*Problem details*
Report every line of the records beneath this task that holds the string "gives".

Stored items
(* Let $G=\mathrm{GL}_n$ with diagonal torus $A$, let $M=M_{(m_1,\dots,m_r)}$ be a standard (block diagonal) Levi subgroup, let $\mu\in X_*(A)_{\mathrm{dom}}$ be minuscule and let $x\in\pi_1(M)$. The following are equivalent: (i) $x\in\kappa_M(W\mu)$; (ii) the unique $\nu\in X_M\otimes\mathbf Q$ mapping to $x$ under $\kappa_M\otimes\mathbf Q$ lies in $\mathrm{Conv}(W\mu)$. Moreover, if $x$ satisfies these conditions and $\tilde\nu\in X_*(A)$ is the unique $M$-dominant $M$-minuscule element with $\kappa_M(\tilde\nu)=x$, then $\tilde\nu\in W\mu$.
   Context: $X_*(A)=\mathbf Z^n$, $W=S_n$ acting by permutations; dominant means non-increasing entries. $\mu$ is minuscule if $\langle\mu,\alpha\rangle\in\{0,\pm1\}$ for all roots $\alpha$ (i.e. $\mu_1-\mu_n\le1$). $\pi_1(M)=X_*(A)/(\text{coroot lattice of }M)\cong\mathbf Z^r$ (block sums), $\kappa_M$ the projection $X_*(A)\to\pi_1(M)$. $A_M$ is the maximal split torus in the center of $M$, $X_M=X_*(A_M)$ (vectors constant on blocks); $\kappa_M\otimes\mathbf Q$ restricts to an isomorphism $X_M\otimes\mathbf Q\to\pi_1(M)\otimes\mathbf Q$. $\mathrm{Conv}$ denotes convex hull in $\mathbf R^n$. $M$-dominant means non-increasing within each block; $M$-minuscule means $\langle\tilde\nu,\alpha\rangle\in\{0,\pm1\}$ for all roots $\alpha$ of $M$. Each element of $\pi_1(M)$ is the image of a unique $M$-dominant $M$-minuscule element. *)

theory Defs
  imports "HOL-Analysis.Analysis"
begin

text \<open>Cocharacters of the diagonal torus of GL_n: vectors in Z^n, modelled as
  functions nat => int vanishing outside {..<n}.  The standard Levi
  M = M_(m_0,...,m_(r-1)) is given by block sizes m j (j < r) with sum n;
  block j is the index interval blk m j.\<close>

definition vec :: "nat \<Rightarrow> (nat \<Rightarrow> 'a::zero) set" where
  "vec n = {v. \<forall>i. n \<le> i \<longrightarrow> v i = 0}"

definition blk :: "(nat \<Rightarrow> nat) \<Rightarrow> nat \<Rightarrow> nat set" where
  "blk m j = {(\<Sum>k<j. m k) ..< (\<Sum>k<Suc j. m k)}"

definition Worb :: "nat \<Rightarrow> (nat \<Rightarrow> int) \<Rightarrow> (nat \<Rightarrow> int) set" where
  "Worb n \<mu> = {\<mu> \<circ> \<sigma> | \<sigma>. \<sigma> permutes {..<n}}"

definition dominant :: "nat \<Rightarrow> (nat \<Rightarrow> int) \<Rightarrow> bool" where
  "dominant n \<mu> \<longleftrightarrow> (\<forall>i j. i \<le> j \<and> j < n \<longrightarrow> \<mu> j \<le> \<mu> i)"

text \<open>minuscule: <mu, alpha> in {0,1,-1} for all roots alpha = e_i - e_j (i \<noteq> j).\<close>
definition minuscule :: "nat \<Rightarrow> (nat \<Rightarrow> int) \<Rightarrow> bool" where
  "minuscule n \<mu> \<longleftrightarrow> (\<forall>i j. i < n \<and> j < n \<and> i \<noteq> j \<longrightarrow> \<mu> i - \<mu> j \<in> {0, 1, -1})"

text \<open>kappa_M : X_*(A) -> pi_1(M) = Z^r (block sums); also used for its
  rationalisation (real coefficients).\<close>
definition kappaM :: "(nat \<Rightarrow> nat) \<Rightarrow> nat \<Rightarrow> (nat \<Rightarrow> 'a::comm_monoid_add) \<Rightarrow> nat \<Rightarrow> 'a" where
  "kappaM m r v = (\<lambda>j. if j < r then (\<Sum>i\<in>blk m j. v i) else 0)"

definition M_dominant :: "(nat \<Rightarrow> nat) \<Rightarrow> nat \<Rightarrow> (nat \<Rightarrow> int) \<Rightarrow> bool" where
  "M_dominant m r v \<longleftrightarrow>
     (\<forall>j<r. \<forall>i\<in>blk m j. \<forall>i'\<in>blk m j. i \<le> i' \<longrightarrow> v i' \<le> v i)"

definition M_minuscule :: "(nat \<Rightarrow> nat) \<Rightarrow> nat \<Rightarrow> (nat \<Rightarrow> int) \<Rightarrow> bool" where
  "M_minuscule m r v \<longleftrightarrow>
     (\<forall>j<r. \<forall>i\<in>blk m j. \<forall>i'\<in>blk m j. i \<noteq> i' \<longrightarrow> v i - v i' \<in> {0, 1, -1})"

text \<open>X_M tensor Q, viewed inside R^n: vectors constant on each block.\<close>
definition XM_Q :: "(nat \<Rightarrow> nat) \<Rightarrow> nat \<Rightarrow> nat \<Rightarrow> (nat \<Rightarrow> real) set" where
  "XM_Q m r n = {\<nu> \<in> vec n. (\<forall>i. \<nu> i \<in> \<rat>) \<and>
      (\<forall>j<r. \<forall>i\<in>blk m j. \<forall>i'\<in>blk m j. \<nu> i = \<nu> i')}"

definition Conv :: "(nat \<Rightarrow> real) set \<Rightarrow> (nat \<Rightarrow> real) set" where
  "Conv S = {v. \<exists>F c. finite F \<and> F \<subseteq> S \<and> (\<forall>s\<in>F. 0 \<le> c s) \<and> sum c F = 1 \<and>
                      v = (\<lambda>i. \<Sum>s\<in>F. c s * s i)}"

definition to_real :: "(nat \<Rightarrow> int) \<Rightarrow> nat \<Rightarrow> real" where
  "to_real v = (\<lambda>i. real_of_int (v i))"

end

theory Submission
  imports Defs
begin

text \<open>A dominant minuscule \<open>\<mu>\<close> takes only two adjacent values \<open>a\<close> and \<open>a + 1\<close>, so \<open>W\<mu>\<close>
  consists of the vectors with entries in \<open>{a, a + 1}\<close> and the same total as \<open>\<mu>\<close>.
  Both conditions (i) and (ii) are equivalent to \<open>x\<close> being admissible: every block sum
  \<open>x\<^sub>j\<close> lies between \<open>a m\<^sub>j\<close> and \<open>(a + 1) m\<^sub>j\<close>, and \<open>\<Sum> x\<^sub>j = \<Sum> \<mu>\<^sub>i\<close>.
  These are linear inequalities valid on \<open>W\<mu>\<close>, hence on its convex hull.
  Conversely, putting the \<open>x\<^sub>j - a m\<^sub>j\<close> entries \<open>a + 1\<close> of block \<open>j\<close> on a cyclic interval
  gives a preimage of \<open>x\<close> in \<open>W\<mu>\<close>, and averaging over all rotations of these intervals
  gives the block-constant point \<open>\<nu>\<close>, which therefore lies in \<open>Conv(W\<mu>)\<close>.
  Finally, an \<open>M\<close>-minuscule \<open>\<nu>\<close> takes two adjacent values on each block, and the bounds
  on its block sums force them to be \<open>a\<close> and \<open>a + 1\<close>.\<close>

lemma blk_eq: "blk m j = {sum m {..<j} ..< sum m {..<j} + m j}"
  by (simp add: blk_def)

lemma finite_blk [simp]: "finite (blk m j)"
  by (simp add: blk_def)

lemma card_blk [simp]: "card (blk m j) = m j"
  by (simp add: blk_eq)

lemma blk_disjoint:
  assumes "j \<noteq> j'"
  shows "blk m j \<inter> blk m j' = {}"
proof -
  have "blk m j \<inter> blk m j' = {}" if "j < j'" for j j'
  proof -
    have "sum m {..<Suc j} \<le> sum m {..<j'}"
      using that by (intro sum_mono2) auto
    then show ?thesis by (auto simp: blk_eq)
  qed
  with assms show ?thesis
    by (metis Int_commute linorder_neqE_nat)
qed

lemma UN_blk: "(\<Union>j<r. blk m j) = {..<sum m {..<r}}"
  by (induction r) (auto simp: blk_eq lessThan_Suc)

lemma sum_over_blocks: "sum f {..<sum m {..<r}} = (\<Sum>j<r. sum f (blk m j))"
  by (subst UN_blk [symmetric], rule sum.UNION_disjoint) (auto dest: blk_disjoint)

lemma sum_blk_shift: "sum g (blk m j) = (\<Sum>s<m j. g (sum m {..<j} + s))"
  using sum.shift_bounds_nat_ivl[of g 0 "sum m {..<j}" "m j"]
  by (simp add: blk_eq lessThan_atLeast0 add.commute)

definition blockwise :: "(nat \<Rightarrow> nat) \<Rightarrow> nat \<Rightarrow> (nat \<Rightarrow> nat \<Rightarrow> 'a::comm_monoid_add) \<Rightarrow> nat \<Rightarrow> 'a" where
  "blockwise m r g i = (\<Sum>j<r. if i \<in> blk m j then g j i else 0)"

lemma blockwise_blk:
  assumes "j < r" "i \<in> blk m j"
  shows "blockwise m r g i = g j i"
proof -
  have "blockwise m r g i = (\<Sum>j'<r. if j' = j then g j i else 0)"
    unfolding blockwise_def using assms blk_disjoint by (intro sum.cong) auto
  then show ?thesis using assms(1) by simp
qed

lemma kappaM_blockwise:
  "j < r \<Longrightarrow> kappaM m r (blockwise m r g) j = sum (g j) (blk m j)"
  by (auto simp: kappaM_def blockwise_blk intro: sum.cong)

lemma sum_shift_mod:
  fixes p :: nat
  assumes "0 < p"
  shows "(\<Sum>t<p. f ((c + t) mod p)) = (\<Sum>u<p. f u)"
proof -
  have "inj_on (\<lambda>t. (c + t) mod p) {..<p}"
  proof
    fix x y assume "x \<in> {..<p}" "y \<in> {..<p}" "(c + x) mod p = (c + y) mod p"
    then obtain q1 q2 where "x + p * q1 = y + p * q2" and "x < p" "y < p"
      by (auto simp: nat_mod_eq_iff)
    then show "x = y"
      by (metis mod_less mod_mult_self1 mult.commute)
  qed
  moreover have "(\<lambda>t. (c + t) mod p) ` {..<p} \<subseteq> {..<p}"
    using assms by auto
  ultimately have "bij_betw (\<lambda>t. (c + t) mod p) {..<p} {..<p}"
    by (simp add: bij_betw_def endo_inj_surj)
  then show ?thesis
    by (rule sum.reindex_bij_betw)
qed

lemma sum_shift_mod_mult:
  fixes f :: "nat \<Rightarrow> 'a::semiring_1"
  assumes "0 < p"
  shows "(\<Sum>t<q * p. f ((c + t) mod p)) = of_nat q * (\<Sum>u<p. f u)"
proof -
  have "(\<Sum>t\<in>{s * p..<s * p + p}. f ((c + t) mod p)) = (\<Sum>u<p. f u)" for s
  proof -
    have "(\<Sum>t\<in>{s * p..<s * p + p}. f ((c + t) mod p)) = (\<Sum>t<p. f ((c + (t + s * p)) mod p))"
      using sum.shift_bounds_nat_ivl[of "\<lambda>t. f ((c + t) mod p)" 0 "s * p" p]
      by (simp add: lessThan_atLeast0 add.commute)
    also have "\<dots> = (\<Sum>t<p. f ((c + t) mod p))"
      by (simp add: add.assoc[symmetric])
    finally show ?thesis using sum_shift_mod[OF assms] by simp
  qed
  then show ?thesis
    by (simp flip: sum.nat_group)
qed

lemma sum_of_bool_less:
  fixes k p :: nat
  assumes "k \<le> p"
  shows "(\<Sum>u<p. of_bool (u < k) :: 'a::semiring_1) = of_nat k"
proof -
  have "{..<p} \<inter> {u. u < k} = {..<k}"
    using assms by auto
  then show ?thesis
    by simp
qed

lemma sum_to_real: "sum (to_real w) I = real_of_int (sum w I)"
  by (simp add: to_real_def)

lemma Conv_sum_bounds:
  assumes "v \<in> Conv S" and "finite I"
    and "\<And>s. s \<in> S \<Longrightarrow> lo \<le> sum s I \<and> sum s I \<le> hi"
  shows "lo \<le> sum v I \<and> sum v I \<le> hi"
proof -
  obtain F c where F: "finite F" "F \<subseteq> S" "\<forall>s\<in>F. 0 \<le> c s" "sum c F = 1"
    and v: "v = (\<lambda>i. \<Sum>s\<in>F. c s * s i)"
    using assms(1) unfolding Conv_def by blast
  have "sum v I = (\<Sum>s\<in>F. c s * sum s I)"
    unfolding v by (simp add: sum.swap[of _ F] sum_distrib_left)
  moreover have "(\<Sum>s\<in>F. c s * lo) \<le> (\<Sum>s\<in>F. c s * sum s I)"
    and "(\<Sum>s\<in>F. c s * sum s I) \<le> (\<Sum>s\<in>F. c s * hi)"
    using F assms(3) by (auto intro!: sum_mono mult_left_mono)
  ultimately show ?thesis
    using F(4) by (simp flip: sum_distrib_right)
qed

lemma average_in_Conv:
  assumes "0 < L" and "\<And>t. t < L \<Longrightarrow> f t \<in> S"
  shows "(\<lambda>i. (\<Sum>t<L. f t i) / real L) \<in> Conv S"
proof -
  define F where "F = f ` {..<L}"
  define c where "c s = real (card {t \<in> {..<L}. f t = s}) / real L" for s
  have by_value: "(\<Sum>t<L. g t) = (\<Sum>s\<in>F. \<Sum>t\<in>{t \<in> {..<L}. f t = s}. g t)"
    for g :: "nat \<Rightarrow> real"
    unfolding F_def by (rule sum.image_gen) simp
  from by_value[of "\<lambda>_. 1"] have "sum c F = 1"
    using assms(1) by (simp add: c_def flip: sum_divide_distrib)
  moreover from by_value[of "\<lambda>t. f t i" for i]
  have "(\<Sum>t<L. f t i) / real L = (\<Sum>s\<in>F. c s * s i)" for i
    by (simp add: c_def sum_divide_distrib)
  ultimately show ?thesis
    unfolding Conv_def using assms(2) by (auto simp: F_def c_def intro!: exI[of _ F] exI[of _ c])
qed

lemma Worb_iff_image_mset:
  assumes "\<mu> \<in> vec n"
  shows "w \<in> Worb n \<mu> \<longleftrightarrow>
    w \<in> vec n \<and> image_mset w (mset_set {..<n}) = image_mset \<mu> (mset_set {..<n})"
proof
  assume "w \<in> Worb n \<mu>"
  then obtain \<sigma> where \<sigma>: "\<sigma> permutes {..<n}" and w: "w = \<mu> \<circ> \<sigma>"
    by (auto simp: Worb_def)
  show "w \<in> vec n \<and> image_mset w (mset_set {..<n}) = image_mset \<mu> (mset_set {..<n})"
    using assms \<sigma> permutes_implies_image_mset_eq[OF \<sigma>, of w \<mu>]
    by (auto simp: w vec_def permutes_not_in)
next
  assume w: "w \<in> vec n \<and> image_mset w (mset_set {..<n}) = image_mset \<mu> (mset_set {..<n})"
  then obtain \<sigma> where \<sigma>: "\<sigma> permutes {..<n}" and on_n: "\<forall>i\<in>{..<n}. w i = \<mu> (\<sigma> i)"
    using image_mset_eq_implies_permutes[OF finite_lessThan, where f=w and f'=\<mu>] by blast
  have "w i = \<mu> (\<sigma> i)" for i
  proof (cases "i < n")
    case False
    with w assms \<sigma> show ?thesis by (simp add: vec_def permutes_not_in)
  qed (use on_n in simp)
  then have "w = \<mu> \<circ> \<sigma>"
    by (simp add: fun_eq_iff)
  with \<sigma> show "w \<in> Worb n \<mu>"
    by (auto simp: Worb_def)
qed

lemma sum_two_valued:
  fixes f :: "'a \<Rightarrow> int"
  assumes "finite A" and "\<forall>i\<in>A. f i \<in> {a, a + 1}"
  shows "sum f A = int (card A) * a + int (card {i \<in> A. f i = a + 1})"
proof -
  have "sum f A = (\<Sum>i\<in>A. a + of_bool (f i = a + 1))"
    using assms(2) by (intro sum.cong) auto
  then show ?thesis
    using assms(1) by (simp add: sum.distrib Int_def conj_commute)
qed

*Expected answer*
  gives a preimage of \<open>x\<close> in \<open>W\<mu>\<close>, and averaging over all rotations of these intervals
  gives the block-constant point \<open>\<nu>\<close>, which therefore lies in \<open>Conv(W\<mu>)\<close>.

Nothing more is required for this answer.